Franz Alexander von Kleist (24 December 1769 – 8 August 1797) was a German poet of the late 18th century.

== Life ==
Franz Alexander was a member of the noble Pomeranian von Kleist family. He was born in Potsdam, son of General Franz Kasimir von Kleist (1736–1808) and his wife Caroline Luise Eleonore Johanne (also née von Kleist, but of the Zützen branch of the family; 1747–1780). General Friedrich Ludwig Heinrich von Kleist was his younger brother.

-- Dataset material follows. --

(* For every instance, every allocation selected by Generalized PAV satisfies EJR-1.
   Context: Model: There is a set of agents $N=\{1,\dots,n\}$. The resource $R$ consists of a cake $C=[0,c]$ for a real $c\ge 0$ and a set of indivisible goods $G=\{g_1,\dots,g_m\}$ for an integer $m\ge 0$, with $\max(c,m)>0$. A piece of cake is a union of finitely many disjoint closed subintervals of $C$; its length $\ell(\cdot)$ is the sum of the lengths of its intervals. A bundle $R'=(C',G')$ consists of a piece of cake $C'\subseteq C$ and a set $G'\subseteq G$; its size is $s(R')=\ell(C')+|G'|$. Each agent $i$ approves a bundle $R_i=(C_i,G_i)$, and her utility for a bundle $R'$ is $u_i(R')=\ell(C_i\cap C')+|G_i\cap G'|$. A parameter $\alpha\in(0,c+m]$ is given; an allocation is a bundle $A$ with $s(A)\le\alpha$. For a real $t>0$, $N^*\subseteq N$ is $t$-cohesive if $|N^*|\ge t n/\alpha$ and $s(\bigcap_{i\in N^*}R_i)\ge t$. EJR-1: an allocation $A$ satisfies EJR-1 if for every real $t>0$ and every $t$-cohesive group $N^*$, some $j\in N^*$ has $u_j(A)>t-1$. Generalized harmonic numbers: $H_x\coloneqq\sum_{k=1}^\infty\frac{x}{k(x+k)}$ for real $x\ge0$. Generalized PAV selects an allocation $R'$ with $s(R')\le\alpha$ maximizing $\sum_{i\in N}H_{u_i(R')}$. *)

theory Defs
  imports "HOL-Analysis.Analysis"
begin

In 1784, Franz Alexander entered the Prussian Infantry Regiment of the Duke of Brunswick ("Herzog von Braunschweig"). His regiment was stationed in Halberstadt, where he came into close contact with Johann Wilhelm Ludwig Gleim, who because of his earlier friendship with Ewald Christian von Kleist, who fell in battle in 1759, had a particular inclination towards him. Franz Alexander is reckoned as a member of the Halberstadt Poetry Circle ("Halberstädter Dichterkreis"). He wrote several texts while he was in Halberstadt. After he left the town, he kept up a correspondence with Gleim until his early death.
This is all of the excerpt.